Александр Николаевич накануне познакомился с караванным Никитой Афанасьевым. После разговора о предстоящем пути, они перекинулись с этим энергичным человеком словами о житье-бытье. Караванный, как понял Радищев, передавая мужицкие думы, рассуждал:
- Что жизнь наша? Колесо-о! Крутимся. Може, сейчас полегчает. Царь-батюшка пришёл, посулы делает… Дай бог, долго ждали, може дождёмся теперь…
Радищев знал, как обманчивы бывают надежды народа в начале нового царствования. И сейчас, невольно вспомнив этот разговор, Александр Николаевич глубже задумался над откровенным признанием Прянишникова. Ему важно было узнать, что Павел, подписавший рескрипт об его помиловании, ничем не отличался от других государей, по-разному начинавших царствование, и, по-человечески было больно за народ, обманутый напрасными ожиданиями какого-то облегчения для себя. Он понимал, как горько и обидно будет народу, когда самообман обнаружится и как гнилой пень под ногой рухнет их вера в царя.
- Я не забыл об изветах и лютостях прежних лет, - молвил Александр Николаевич, - и не убоюсь сказать теперь: несчастье нас учит быть благоразумными… Чем хуже, тем лучше, Иван Данилович, - повторил он свою излюбленную фразу.
- Не понимаю-с, - выразил недоумение на лице Прянишников.
- Из мучительства рождается вольность.
- Опять вольность! - с огорчением произнёс Прянишников, - когда вы её забудете, хотя бы ради своего личного покоя и благополучия.
- Никогда! Стоял в молодости на сём, на старости не покину…
Александр Николаевич спохватился.
- Завтра в путь, надо и отдохнуть…
Прянишников спросил:
- Не обидел ли я своим словом, а?
- Что обида, Иван Данилович, убеждения наши разные…
Радищев вернулся в гостиную. Пламя свеч, радугой отражавшееся в гранях венецианского зеркала и хрустальных ваз на столе, до боли ударило по глазам. Роскошь и богатство гостиной только резче подчеркнули внутреннее отчуждение, какое почувствовал Александр Николаевич, переступив порог гостеприимного прянишниковского дома.
4
С весной жизнь города перемещалась на берег. Казармы, пустовавшие всю зиму, наполнялись простым людом, собравшимся сюда со всего Урала, чтобы строить барки и коломенки. К началу сплава в Перми скоплялись ватаги ободранных и грязных бурлаков, пропахших потом. Они шли сюда в поисках куска хлеба.

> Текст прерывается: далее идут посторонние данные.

lemma cyclic_subgroup_nat_pow_generator:
  assumes "finite (carrier G)" "subgroup P G" "cyclic_group (G\<lparr>carrier := P\<rparr>)"
  obtains g where "g \<in> P" "ord g = card P" "\<And>u. u \<in> P \<Longrightarrow> \<exists>i::nat. u = g [^] i"
proof -
  interpret P: group "G\<lparr>carrier := P\<rparr>" using assms(2) by (rule subgroup_imp_group)
  obtain g where g: "g \<in> P" "P = range (\<lambda>n::int. g [^]\<^bsub>G\<lparr>carrier := P\<rparr>\<^esub> n)"
    using assms(3) P.cyclic_group by auto
  have gG: "g \<in> carrier G" using subgroup.mem_carrier[OF assms(2) g(1)] .
  have "P = {g [^] k | k::int. k \<in> UNIV}"
    using g(2) int_pow_consistent[OF assms(2) g(1)] by auto
  then have P_generate: "P = generate G {g}" using generate_pow[OF gG] by simp
  have "ord g \<noteq> 0" using ord_ge_1[OF assms(1) gG] by simp
  then have P_nat_pow: "P = {g [^] k | k::nat. k \<in> UNIV}"
    using P_generate generate_pow_nat[OF gG] by simp
  show thesis
  proof (rule that)
    show "g \<in> P" by (rule g(1))
    show "ord g = card P" using P_generate generate_pow_card[OF gG] by simp
    show "\<exists>i::nat. u = g [^] i" if "u \<in> P" for u using that P_nat_pow by blast
  qed
qed

lemma conj_nat_pow_iterate:
  assumes x: "x \<in> carrier G" and conj: "\<And>u. u \<in> H \<Longrightarrow> x \<otimes> u \<otimes> inv x = u [^] (a::nat)"
    and u: "u \<in> H" "u \<in> carrier G"
  shows "x [^] (j::nat) \<otimes> u \<otimes> inv (x [^] j) = u [^] (a ^ j)"
proof (induction j)
  case (Suc j)
  have "x [^] Suc j \<otimes> u \<otimes> inv (x [^] Suc j) = x [^] j \<otimes> (x \<otimes> u \<otimes> inv x) \<otimes> inv (x [^] j)"
    using x u by (simp add: inv_mult_group m_assoc)
  also have "\<dots> = (x [^] j \<otimes> u \<otimes> inv (x [^] j)) [^] a"
    using conj[OF u(1)] conj_nat_pow x u by simp
  finally show ?case using Suc u by (simp add: nat_pow_pow mult.commute)
qed (use u in simp)

lemma mult_nat_pow_power_action:
  assumes x: "x \<in> carrier G" and conj: "\<And>u. u \<in> H \<Longrightarrow> x \<otimes> u \<otimes> inv x = u [^] (a::nat)"
    and u: "u \<in> H" "u \<in> carrier G"
  shows "(u \<otimes> x) [^] (j::nat) = u [^] (\<Sum>i<j. a ^ i) \<otimes> x [^] j"
proof (induction j)
  case (Suc j)
  have "(u \<otimes> x) [^] Suc j = u [^] (\<Sum>i<j. a ^ i) \<otimes> (x [^] j \<otimes> u \<otimes> inv (x [^] j)) \<otimes> x [^] Suc j"
    using Suc x u by (simp add: m_assoc)
  also have "\<dots> = u [^] (\<Sum>i<Suc j. a ^ i) \<otimes> x [^] Suc j"
    using conj_nat_pow_iterate[OF x conj u] u by (simp add: nat_pow_mult)
  finally show ?case .
qed simp

end

locale internal_semidirect_product = group G for G (structure) +
  fixes P F :: "'a set"
  assumes normal: "P \<lhd> G" and subgroup_F: "subgroup F G"
    and inter_eq_one: "P \<inter> F = {\<one>}" and set_mult_eq_carrier: "P <#> F = carrier G"
begin

lemma subgroup_P: "subgroup P G"
  using normal by (rule normal_imp_subgroup)

lemma P_carrier: "u \<in> P \<Longrightarrow> u \<in> carrier G"
  using subgroup_P by (rule subgroup.mem_carrier)

lemma F_carrier: "x \<in> F \<Longrightarrow> x \<in> carrier G"
  using subgroup_F by (rule subgroup.mem_carrier)

lemma mult_nat_pow_in_coset:
  assumes u: "u \<in> P" and x: "x \<in> F"
  shows "\<exists>w\<in>P. (u \<otimes> x) [^] (n::nat) = w \<otimes> x [^] n"
proof (induction n)
  case 0
  have "(u \<otimes> x) [^] (0::nat) = \<one> \<otimes> x [^] (0::nat)" by simp
  then show ?case using subgroup.one_closed[OF subgroup_P] by blast
next
  case (Suc n)
  then obtain w where w: "w \<in> P" "(u \<otimes> x) [^] n = w \<otimes> x [^] n" by blast
  have xG: "x \<in> carrier G" using F_carrier[OF x] .
  have "x [^] n \<otimes> u \<otimes> inv (x [^] n) \<in> P"
    using normal.inv_op_closed2[OF normal nat_pow_closed[OF xG] u] .
  then have "w \<otimes> (x [^] n \<otimes> u \<otimes> inv (x [^] n)) \<in> P"
    using subgroup.m_closed[OF subgroup_P w(1)] by blast
  moreover have "(u \<otimes> x) [^] Suc n = (w \<otimes> (x [^] n \<otimes> u \<otimes> inv (x [^] n))) \<otimes> x [^] Suc n"
    using w P_carrier[OF w(1)] P_carrier[OF u] xG by (simp add: m_assoc)
  ultimately show ?case by blast
qed

lemma mult_nat_pow_mem_iff:
  assumes u: "u \<in> P" and x: "x \<in> F"
  shows "(u \<otimes> x) [^] n \<in> P \<longleftrightarrow> ord x dvd n"
proof -
  obtain w where w: "w \<in> P" "(u \<otimes> x) [^] n = w \<otimes> x [^] n"
    using mult_nat_pow_in_coset[OF u x] by blast
  have xG: "x \<in> carrier G" using F_carrier[OF x] .
  have "(u \<otimes> x) [^] n \<in> P \<longleftrightarrow> x [^] n \<in> P"
  proof
    assume "(u \<otimes> x) [^] n \<in> P"
    then have "inv w \<otimes> (u \<otimes> x) [^] n \<in> P"
      using subgroup.m_closed[OF subgroup_P subgroup.m_inv_closed[OF subgroup_P w(1)]] by blast
    then show "x [^] n \<in> P" using w P_carrier[OF w(1)] xG by simp
  next
    assume "x [^] n \<in> P"
    then show "(u \<otimes> x) [^] n \<in> P" using w subgroup.m_closed[OF subgroup_P w(1)] by simp
  qed
  also have "\<dots> \<longleftrightarrow> x [^] n = \<one>"
    using inter_eq_one subgroup_nat_pow_closed[OF subgroup_F x] subgroup.one_closed[OF subgroup_P]
    by auto
  also have "\<dots> \<longleftrightarrow> ord x dvd n" using pow_eq_id[OF xG] .
  finally show ?thesis .
qed

lemma ord_dvd_ord_mult:
  assumes u: "u \<in> P" and x: "x \<in> F"
  shows "ord x dvd ord (u \<otimes> x)"
proof -
  have "(u \<otimes> x) [^] ord (u \<otimes> x) = \<one>" using P_carrier[OF u] F_carrier[OF x] by simp
  then show ?thesis using mult_nat_pow_mem_iff[OF u x] subgroup.one_closed[OF subgroup_P] by metis
qed

lemma bij_betw_mult: "bij_betw (\<lambda>(u, x). u \<otimes> x) (P \<times> F) (carrier G)"
proof (rule bij_betw_imageI)
  show "inj_on (\<lambda>(u, x). u \<otimes> x) (P \<times> F)"
  proof (rule inj_onI, clarify)
    fix u x u' x'
    assume u: "u \<in> P" "u' \<in> P" and x: "x \<in> F" "x' \<in> F" and eq: "u \<otimes> x = u' \<otimes> x'"
    then have "inv u' \<otimes> u = x' \<otimes> inv x"
      by (metis F_carrier P_carrier inv_solve_left' inv_solve_right m_assoc m_closed inv_closed)
    moreover have "inv u' \<otimes> u \<in> P" and "x' \<otimes> inv x \<in> F"
      using u x subgroup_P subgroup_F by (auto intro: subgroup.m_closed subgroup.m_inv_closed)
    ultimately have "inv u' \<otimes> u = \<one>" "x' \<otimes> inv x = \<one>" using inter_eq_one by auto
    then show "u = u' \<and> x = x'"
      using P_carrier[OF u(1)] P_carrier[OF u(2)] F_carrier[OF x(1)] F_carrier[OF x(2)]
      by (metis inv_closed inv_inv inv_equality)
  qed
  show "(\<lambda>(u, x). u \<otimes> x) ` (P \<times> F) = carrier G"
    unfolding set_mult_eq_carrier[symmetric] set_mult_def by force
qed

lemma sum_carrier_eq_sum_mult: "(\<Sum>g\<in>carrier G. f g) = (\<Sum>x\<in>F. \<Sum>u\<in>P. f (u \<otimes> x))"
proof -
  have "(\<Sum>g\<in>carrier G. f g) = (\<Sum>(u, x)\<in>P \<times> F. f (u \<otimes> x))"
    using sum.reindex_bij_betw[OF bij_betw_mult, of f] by (simp add: case_prod_beta)
  also have "\<dots> = (\<Sum>x\<in>F. \<Sum>u\<in>P. f (u \<otimes> x))"
    by (simp add: sum.cartesian_product[symmetric] sum.swap[of _ P])
  finally show ?thesis .
qed

end

locale cyclic_coprime_semidirect_product = internal_semidirect_product +
  fixes p k :: nat
  assumes finite_carrier: "finite (carrier G)" and prime_p: "Factorial_Ring.prime p"
    and cyclic_P: "cyclic_group (G\<lparr>carrier := P\<rparr>)" and card_P: "card P = p ^ k"
    and coprime_card_F: "coprime p (card F)"
begin

lemma ord_dvd_prime_power: "u \<in> P \<Longrightarrow> ord u dvd p ^ k"
  using ord_dvd_card_subgroup[OF subgroup_P] card_P by simp

lemma coprime_ord_F: "x \<in> F \<Longrightarrow> coprime p (ord x)"
  using coprime_divisors[OF dvd_refl ord_dvd_card_subgroup[OF subgroup_F] coprime_card_F] by blast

На берегу стояли причалившие обшарканные, старые и новенькие барки, приготовленные к сплаву. Тут же валялись брёвна, кучи пакли, котлы, в которых варилась смола, лестницей сложенный металл, привезённый с железоделательных заводов.
В конце апреля разлилась река и подняла коломенки и барки. Их спустили к местам, удобным для погрузки. На пристанях днём и ночью кипела работа, чтобы успеть пустить караваны полой водой. Дня отчаливания барок ждали нетерпеливо. И теперь, когда погрузка подходила к концу, возле караванной конторы и складов стояла толчея, слышались крики и мужицкая ругань.
Никита Афанасьев появился на берегу за час до отплытия. Сразу же те, кто шёл с его караваном, направились от конторы к баркам. Началось прощанье со знакомыми и родными.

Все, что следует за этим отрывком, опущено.